> **WHAT IS EXPECTED**: Report all lines below with the word "dominated".

> **RECORDS SUPPLIED**:
lemma has_integral_Euler_transform_powser:
  fixes a b z :: real and c :: "nat \<Rightarrow> real"
  assumes ab: "0 < a" "a < b" and summable: "\<And>z. summable (\<lambda>k. norm (c k * z ^ k))"
  shows "((\<lambda>t. t powr (a - 1) * (1 - t) powr (b - a - 1) * (\<Sum>k. c k * (z * t) ^ k))
           has_integral Beta a (b - a) * (\<Sum>k. pochhammer a k / pochhammer b k * c k * z ^ k))
         {0..1}"
proof -
  define w where "w t = t powr (a - 1) * (1 - t) powr (b - a - 1)" for t :: real
  define M where "M = (\<Sum>k. norm (c k * z ^ k))"
  have powr_shift: "t powr (a + real k - 1) = t powr (a - 1) * t ^ k" if "t \<ge> 0" for t k
  proof (cases "t = 0")
    case False
    have "a + real k - 1 = (a - 1) + real k"
      by simp
    then show ?thesis
      using False that by (simp only: powr_add powr_realpow)
  qed simp
  have partial_sums: "((\<lambda>t. w t * (\<Sum>k<n. c k * (z * t) ^ k)) has_integral
                        (\<Sum>k<n. c k * z ^ k * Beta (a + real k) (b - a))) {0..1}" for n
  proof (rule has_integral_eq[OF _ has_integral_sum[OF finite_lessThan]])
    show "((\<lambda>t. c k * z ^ k * (t powr (a + real k - 1) * (1 - t) powr (b - a - 1)))
            has_integral c k * z ^ k * Beta (a + real k) (b - a)) {0..1}" for k
      using has_integral_Beta_real[of "a + real k" "b - a"] ab by (intro has_integral_mult_right) auto
  qed (simp add: w_def sum_distrib_left powr_shift power_mult_distrib mult_ac)
  have dominant: "(\<lambda>t. w t * M) integrable_on {0..1}"
    using has_integral_mult_left[OF has_integral_Beta_real[of a "b - a"], of M] ab
    unfolding w_def by (auto simp: integrable_on_def)
  have dominated: "\<forall>t\<in>{0..1}. norm (w t * (\<Sum>k<n. c k * (z * t) ^ k)) \<le> w t * M" for n
  proof
    fix t :: real assume t: "t \<in> {0..1}"
    have "norm (c k * (z * t) ^ k) \<le> norm (c k * z ^ k)" for k
      using t mult_left_mono[of "t ^ k" 1 "\<bar>c k * z ^ k\<bar>"]
      by (simp add: power_mult_distrib abs_mult power_le_one mult.assoc)
    then have "norm (\<Sum>k<n. c k * (z * t) ^ k) \<le> M"
      unfolding M_def
      by (intro order_trans[OF norm_sum] order_trans[OF sum_mono sum_le_suminf[OF summable]]) auto
    moreover have "w t \<ge> 0"
      using t by (simp add: w_def)
    ultimately show "norm (w t * (\<Sum>k<n. c k * (z * t) ^ k)) \<le> w t * M"
      by (simp add: abs_mult mult_left_mono)
  qed
  have pointwise: "\<forall>t\<in>{0..1}. (\<lambda>n. w t * (\<Sum>k<n. c k * (z * t) ^ k))
                                  \<longlonglongrightarrow> w t * (\<Sum>k. c k * (z * t) ^ k)"
    using summable_LIMSEQ[OF summable_norm_cancel[OF summable]] by (auto intro: tendsto_mult_left)
  have Beta_term: "c k * z ^ k * Beta (a + real k) (b - a)
          = Beta a (b - a) * (pochhammer a k / pochhammer b k * c k * z ^ k)" for k
    unfolding pochhammer_div_pochhammer_eq_Beta[OF ab] using Beta_real_pos[of a "b - a"] ab by simp
  have integrals: "(\<lambda>n. \<Sum>k<n. c k * z ^ k * Beta (a + real k) (b - a))
      \<longlonglongrightarrow> Beta a (b - a) * (\<Sum>k. pochhammer a k / pochhammer b k * c k * z ^ k)"
    unfolding Beta_term sum_distrib_left[symmetric]
    using summable_norm_cancel[OF summable_norm_pochhammer_ratio_powser[OF ab summable]]
    by (intro tendsto_mult_left summable_LIMSEQ)
  from has_integral_dominated_convergence[OF partial_sums dominant dominated pointwise integrals]
  show ?thesis unfolding w_def .
qed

> **OUTPUT FOR THIS TASK**:
  have dominated: "\<forall>t\<in>{0..1}. norm (w t * (\<Sum>k<n. c k * (z * t) ^ k)) \<le> w t * M" for n
  from has_integral_dominated_convergence[OF partial_sums dominant dominated pointwise integrals]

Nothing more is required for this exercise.